═══ Records for the task ═══

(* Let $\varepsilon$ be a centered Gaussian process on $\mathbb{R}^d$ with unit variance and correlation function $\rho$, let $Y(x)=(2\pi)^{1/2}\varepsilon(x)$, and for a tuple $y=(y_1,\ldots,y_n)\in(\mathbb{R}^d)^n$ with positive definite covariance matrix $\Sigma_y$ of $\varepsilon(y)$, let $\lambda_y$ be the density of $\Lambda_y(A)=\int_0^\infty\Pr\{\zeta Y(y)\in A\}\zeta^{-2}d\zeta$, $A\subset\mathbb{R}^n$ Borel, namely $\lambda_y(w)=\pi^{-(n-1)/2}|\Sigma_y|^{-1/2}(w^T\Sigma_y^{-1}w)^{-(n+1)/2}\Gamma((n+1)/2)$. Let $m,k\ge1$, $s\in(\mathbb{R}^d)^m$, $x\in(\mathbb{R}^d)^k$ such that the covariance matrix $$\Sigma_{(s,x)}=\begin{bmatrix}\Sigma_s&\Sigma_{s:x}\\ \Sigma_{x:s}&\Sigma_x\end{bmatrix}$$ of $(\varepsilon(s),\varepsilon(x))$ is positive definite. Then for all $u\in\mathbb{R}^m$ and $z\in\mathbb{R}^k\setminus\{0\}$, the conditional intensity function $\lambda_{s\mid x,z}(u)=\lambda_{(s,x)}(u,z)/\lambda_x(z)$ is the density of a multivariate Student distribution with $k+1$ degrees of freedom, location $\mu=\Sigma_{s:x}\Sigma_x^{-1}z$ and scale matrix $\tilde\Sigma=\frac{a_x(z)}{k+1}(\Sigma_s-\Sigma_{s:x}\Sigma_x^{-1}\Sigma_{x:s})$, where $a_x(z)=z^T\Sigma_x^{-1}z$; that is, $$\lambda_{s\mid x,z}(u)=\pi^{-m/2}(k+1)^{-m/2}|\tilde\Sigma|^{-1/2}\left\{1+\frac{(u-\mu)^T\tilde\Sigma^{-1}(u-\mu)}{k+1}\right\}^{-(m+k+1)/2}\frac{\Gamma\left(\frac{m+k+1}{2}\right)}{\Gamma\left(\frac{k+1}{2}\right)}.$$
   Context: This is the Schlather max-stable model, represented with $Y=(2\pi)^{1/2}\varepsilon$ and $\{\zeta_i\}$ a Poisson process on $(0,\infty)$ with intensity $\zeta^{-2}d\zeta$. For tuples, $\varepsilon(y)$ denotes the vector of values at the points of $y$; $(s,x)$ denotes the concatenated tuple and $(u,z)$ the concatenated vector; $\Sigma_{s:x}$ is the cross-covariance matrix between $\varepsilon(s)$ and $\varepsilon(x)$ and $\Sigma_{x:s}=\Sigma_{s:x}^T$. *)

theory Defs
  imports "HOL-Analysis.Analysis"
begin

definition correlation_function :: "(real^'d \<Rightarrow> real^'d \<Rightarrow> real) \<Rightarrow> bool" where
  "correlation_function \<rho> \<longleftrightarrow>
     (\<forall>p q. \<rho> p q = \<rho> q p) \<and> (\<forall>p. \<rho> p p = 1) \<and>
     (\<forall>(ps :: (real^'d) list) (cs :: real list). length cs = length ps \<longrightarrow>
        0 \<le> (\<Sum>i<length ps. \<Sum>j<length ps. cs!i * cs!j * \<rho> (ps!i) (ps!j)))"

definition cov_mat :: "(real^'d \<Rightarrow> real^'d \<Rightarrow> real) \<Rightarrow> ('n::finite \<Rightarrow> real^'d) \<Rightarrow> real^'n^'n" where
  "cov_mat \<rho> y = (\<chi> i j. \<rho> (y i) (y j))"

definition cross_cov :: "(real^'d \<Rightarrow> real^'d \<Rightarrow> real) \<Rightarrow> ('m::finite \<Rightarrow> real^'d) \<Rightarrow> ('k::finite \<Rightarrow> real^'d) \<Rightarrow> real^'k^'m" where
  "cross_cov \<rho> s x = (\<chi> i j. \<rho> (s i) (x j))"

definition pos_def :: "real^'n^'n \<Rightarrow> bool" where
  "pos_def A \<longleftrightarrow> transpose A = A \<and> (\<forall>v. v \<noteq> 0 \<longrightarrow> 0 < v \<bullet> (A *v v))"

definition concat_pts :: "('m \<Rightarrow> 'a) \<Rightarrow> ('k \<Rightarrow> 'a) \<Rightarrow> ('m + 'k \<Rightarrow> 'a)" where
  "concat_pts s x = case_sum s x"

═══

__About this task__
I'd like the material repeated word for word, please.

__Result below__
(* Let $\varepsilon$ be a centered Gaussian process on $\mathbb{R}^d$ with unit variance and correlation function $\rho$, let $Y(x)=(2\pi)^{1/2}\varepsilon(x)$, and for a tuple $y=(y_1,\ldots,y_n)\in(\mathbb{R}^d)^n$ with positive definite covariance matrix $\Sigma_y$ of $\varepsilon(y)$, let $\lambda_y$ be the density of $\Lambda_y(A)=\int_0^\infty\Pr\{\zeta Y(y)\in A\}\zeta^{-2}d\zeta$, $A\subset\mathbb{R}^n$ Borel, namely $\lambda_y(w)=\pi^{-(n-1)/2}|\Sigma_y|^{-1/2}(w^T\Sigma_y^{-1}w)^{-(n+1)/2}\Gamma((n+1)/2)$. Let $m,k\ge1$, $s\in(\mathbb{R}^d)^m$, $x\in(\mathbb{R}^d)^k$ such that the covariance matrix $$\Sigma_{(s,x)}=\begin{bmatrix}\Sigma_s&\Sigma_{s:x}\\ \Sigma_{x:s}&\Sigma_x\end{bmatrix}$$ of $(\varepsilon(s),\varepsilon(x))$ is positive definite. Then for all $u\in\mathbb{R}^m$ and $z\in\mathbb{R}^k\setminus\{0\}$, the conditional intensity function $\lambda_{s\mid x,z}(u)=\lambda_{(s,x)}(u,z)/\lambda_x(z)$ is the density of a multivariate Student distribution with $k+1$ degrees of freedom, location $\mu=\Sigma_{s:x}\Sigma_x^{-1}z$ and scale matrix $\tilde\Sigma=\frac{a_x(z)}{k+1}(\Sigma_s-\Sigma_{s:x}\Sigma_x^{-1}\Sigma_{x:s})$, where $a_x(z)=z^T\Sigma_x^{-1}z$; that is, $$\lambda_{s\mid x,z}(u)=\pi^{-m/2}(k+1)^{-m/2}|\tilde\Sigma|^{-1/2}\left\{1+\frac{(u-\mu)^T\tilde\Sigma^{-1}(u-\mu)}{k+1}\right\}^{-(m+k+1)/2}\frac{\Gamma\left(\frac{m+k+1}{2}\right)}{\Gamma\left(\frac{k+1}{2}\right)}.$$
   Context: This is the Schlather max-stable model, represented with $Y=(2\pi)^{1/2}\varepsilon$ and $\{\zeta_i\}$ a Poisson process on $(0,\infty)$ with intensity $\zeta^{-2}d\zeta$. For tuples, $\varepsilon(y)$ denotes the vector of values at the points of $y$; $(s,x)$ denotes the concatenated tuple and $(u,z)$ the concatenated vector; $\Sigma_{s:x}$ is the cross-covariance matrix between $\varepsilon(s)$ and $\varepsilon(x)$ and $\Sigma_{x:s}=\Sigma_{s:x}^T$. *)

theory Defs
  imports "HOL-Analysis.Analysis"
begin

definition correlation_function :: "(real^'d \<Rightarrow> real^'d \<Rightarrow> real) \<Rightarrow> bool" where
  "correlation_function \<rho> \<longleftrightarrow>
     (\<forall>p q. \<rho> p q = \<rho> q p) \<and> (\<forall>p. \<rho> p p = 1) \<and>
     (\<forall>(ps :: (real^'d) list) (cs :: real list). length cs = length ps \<longrightarrow>
        0 \<le> (\<Sum>i<length ps. \<Sum>j<length ps. cs!i * cs!j * \<rho> (ps!i) (ps!j)))"

definition cov_mat :: "(real^'d \<Rightarrow> real^'d \<Rightarrow> real) \<Rightarrow> ('n::finite \<Rightarrow> real^'d) \<Rightarrow> real^'n^'n" where
  "cov_mat \<rho> y = (\<chi> i j. \<rho> (y i) (y j))"

definition cross_cov :: "(real^'d \<Rightarrow> real^'d \<Rightarrow> real) \<Rightarrow> ('m::finite \<Rightarrow> real^'d) \<Rightarrow> ('k::finite \<Rightarrow> real^'d) \<Rightarrow> real^'k^'m" where
  "cross_cov \<rho> s x = (\<chi> i j. \<rho> (s i) (x j))"

definition pos_def :: "real^'n^'n \<Rightarrow> bool" where
  "pos_def A \<longleftrightarrow> transpose A = A \<and> (\<forall>v. v \<noteq> 0 \<longrightarrow> 0 < v \<bullet> (A *v v))"

definition concat_pts :: "('m \<Rightarrow> 'a) \<Rightarrow> ('k \<Rightarrow> 'a) \<Rightarrow> ('m + 'k \<Rightarrow> 'a)" where
  "concat_pts s x = case_sum s x"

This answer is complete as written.